The question is whether rb_str_capacity(str)
can return 0 or not.
If the String in question is e.g. ""
allocated in Ruby then its capacity is truly 0 from truffleruby's POV, one will need to reallocate to append/write anything to it.
The question is whether rb_str_capacity(str) can return 0 or not.

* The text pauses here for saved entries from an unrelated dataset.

(* Fix a point $X\in\mathbb{P}^3$ and a line $L\subseteq\mathbb{P}^3$ and let $\mathcal{C}$ be a generic arrangement of $m\ge 2$ cameras. (1) The multidegree of $\mathcal{M}_\mathcal{C}^L\subseteq(\mathbb{P}^2)^m$ is given by the single value $D(1,0,\ldots,0)=1$ (and its permutations). (2) The multidegree of $\mathcal{L}_\mathcal{C}^X\subseteq(\mathbb{P}^2)^m$ is given by the values $D(2,0,\ldots,0)=0$ and $D(1,1,0,\ldots,0)=1$ (and their permutations).
   Context: All spaces are complex projective. A camera is a full-rank $3\times4$ complex matrix $C:\mathbb{P}^3\dashrightarrow\mathbb{P}^2$ with center its kernel; a camera arrangement $\mathcal{C}=(C_1,\ldots,C_m)$ has pairwise distinct centers. For a line $L'$ spanned by $u,v$, $C\cdot L':=Cu\times Cv\in\mathbb{P}^2$. $\mathcal{M}_\mathcal{C}^L$ is the Zariski closure of the image of $L\ni Y\mapsto(C_1Y,\ldots,C_mY)$; $\mathcal{L}_\mathcal{C}^X$ is the Zariski closure of the image of $\Lambda(X)\ni L'\mapsto(C_1\cdot L',\ldots,C_m\cdot L')$, $\Lambda(X)$ being the lines through $X$. For a variety $\mathcal{X}\subseteq\mathbb{P}^{h_1}\times\cdots\times\mathbb{P}^{h_m}$, its multidegree is the function $D(d_1,\ldots,d_m)=\#\big(\mathcal{X}\cap(L^{(1)}_{d_1}\times\cdots\times L^{(m)}_{d_m})\big)$ for $d_1+\cdots+d_m=\dim\mathcal{X}$, where $L^{(i)}_{d}\subseteq\mathbb{P}^{h_i}$ is a general linear subspace of codimension $d$. "Generic" means outside a proper Zariski closed subset. *)

theory Defs
  imports "HOL-Analysis.Analysis"
begin

inductive_set polys :: "('a \<Rightarrow> complex) set \<Rightarrow> ('a \<Rightarrow> complex) set"
  for V :: "('a \<Rightarrow> complex) set" where
  const: "(\<lambda>_. c) \<in> polys V"
| var: "v \<in> V \<Longrightarrow> v \<in> polys V"
| add: "f \<in> polys V \<Longrightarrow> g \<in> polys V \<Longrightarrow> (\<lambda>x. f x + g x) \<in> polys V"
| mult: "f \<in> polys V \<Longrightarrow> g \<in> polys V \<Longrightarrow> (\<lambda>x. f x * g x) \<in> polys V"

type_synonym camera = "complex^4^3"

(* complex projective points are represented by nonzero vectors *)
definition pt :: "complex^'n \<Rightarrow> (complex^'n) set" where
  "pt v = range (\<lambda>c. c *s v)"

definition cindep :: "complex^'n \<Rightarrow> complex^'n \<Rightarrow> bool" where
  "cindep u v \<longleftrightarrow> (\<forall>a b. a *s u + b *s v = 0 \<longrightarrow> a = 0 \<and> b = 0)"

definition ccross :: "complex^3 \<Rightarrow> complex^3 \<Rightarrow> complex^3" where
  "ccross a b = vector [a$2 * b$3 - a$3 * b$2, a$3 * b$1 - a$1 * b$3, a$1 * b$2 - a$2 * b$1]"

(* full rank 3x4 matrix = surjective linear map C^4 -> C^3 *)
definition is_camera :: "camera \<Rightarrow> bool" where
  "is_camera C \<longleftrightarrow> (\<forall>y. \<exists>Y. C *v Y = y)"

definition center :: "camera \<Rightarrow> (complex^4) set" where
  "center C = {Y. C *v Y = 0}"

definition camera_arrangement :: "nat \<Rightarrow> (nat \<Rightarrow> camera) \<Rightarrow> bool" where
  "camera_arrangement m Cs \<longleftrightarrow> (\<forall>i<m. is_camera (Cs i)) \<and>
     (\<forall>i<m. \<forall>j<m. i \<noteq> j \<longrightarrow> center (Cs i) \<noteq> center (Cs j))"

definition cam_coords :: "nat \<Rightarrow> ((nat \<Rightarrow> camera) \<Rightarrow> complex) set" where
  "cam_coords m = {(\<lambda>Cs. Cs i $ r $ c) | i r c. i < m}"

definition pt_coords :: "nat \<Rightarrow> ((nat \<Rightarrow> complex^3) \<Rightarrow> complex) set" where
  "pt_coords m = {(\<lambda>x. x i $ j) | i j. i < m}"

definition multihom :: "nat \<Rightarrow> (nat \<Rightarrow> nat) \<Rightarrow> ((nat \<Rightarrow> complex^3) \<Rightarrow> complex) \<Rightarrow> bool" where
  "multihom m e f \<longleftrightarrow> f \<in> polys (pt_coords m) \<and>
     (\<forall>x l. (\<forall>i<m. l i \<noteq> 0) \<longrightarrow> f (\<lambda>i. l i *s x i) = (\<Prod>i<m. l i ^ e i) * f x)"

(* points of (P^2)^m: tuples of nonzero representatives, padded with 0 beyond m *)
definition pts_m :: "nat \<Rightarrow> (nat \<Rightarrow> complex^3) set" where
  "pts_m m = {x. (\<forall>i<m. x i \<noteq> 0) \<and> (\<forall>i\<ge>m. x i = 0)}"

definition zclosure :: "nat \<Rightarrow> (nat \<Rightarrow> complex^3) set \<Rightarrow> (nat \<Rightarrow> complex^3) set" where
  "zclosure m S = {x \<in> pts_m m. \<forall>f e. multihom m e f \<and> (\<forall>y\<in>S. f y = 0) \<longrightarrow> f x = 0}"

definition multiview_line :: "nat \<Rightarrow> (nat \<Rightarrow> camera) \<Rightarrow> complex^4 \<Rightarrow> complex^4 \<Rightarrow> (nat \<Rightarrow> complex^3) set" where
  "multiview_line m Cs u v = zclosure m
     {x. \<exists>a b. a *s u + b *s v \<noteq> 0 \<and> (\<forall>i<m. Cs i *v (a *s u + b *s v) \<noteq> 0) \<and>
          x = (\<lambda>i. if i < m then Cs i *v (a *s u + b *s v) else 0)}"

definition cam_line :: "camera \<Rightarrow> complex^4 \<Rightarrow> complex^4 \<Rightarrow> complex^3" where
  "cam_line C u v = ccross (C *v u) (C *v v)"

(* L_C^X: lines through X are spanned by X and some w independent of X *)
definition LX_X :: "nat \<Rightarrow> (nat \<Rightarrow> camera) \<Rightarrow> complex^4 \<Rightarrow> (nat \<Rightarrow> complex^3) set" where
  "LX_X m Cs X = zclosure m
     {x. \<exists>w. cindep X w \<and> (\<forall>i<m. cam_line (Cs i) X w \<noteq> 0) \<and>
          x = (\<lambda>i. if i < m then cam_line (Cs i) X w else 0)}"

(* a linear subspace of codim d i in the i-th P^2 is cut out by d i linear forms A i r, r < d i *)
definition lin_coords :: "nat \<Rightarrow> (nat \<Rightarrow> nat) \<Rightarrow> ((nat \<Rightarrow> nat \<Rightarrow> complex^3) \<Rightarrow> complex) set" where
  "lin_coords m d = {(\<lambda>A. A i r $ j) | i r j. i < m \<and> r < d i}"

definition section_pts :: "nat \<Rightarrow> (nat \<Rightarrow> nat) \<Rightarrow> (nat \<Rightarrow> nat \<Rightarrow> complex^3)
     \<Rightarrow> (nat \<Rightarrow> complex^3) set \<Rightarrow> (nat \<Rightarrow> (complex^3) set) set" where
  "section_pts m d A V = (\<lambda>x. \<lambda>i. pt (x i)) `
     {x \<in> V. \<forall>i<m. \<forall>r<d i. (\<Sum>j\<in>UNIV. A i r $ j * x i $ j) = 0}"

I agree, this is a bug in liquid-c. This should be pretty simple to fix, can you send a PR?
Confirmed that
describe "rb_str_capacity" do
it "returns 0 for empty String" do
@s.rb_str_capacity("").should == 0
end
it "returns 1 for 'a'" do
@s.rb_str_capacity("a").should == 1
end
end
passes on truffleruby but "fails" on CRuby which returns 15
for both cases (due to embedded String).
@peterzhu2118 I added a commit to this PR, could you review it? I think it's good to include the timeout and verbose tests anyway.
Thank you for debugging and the fix!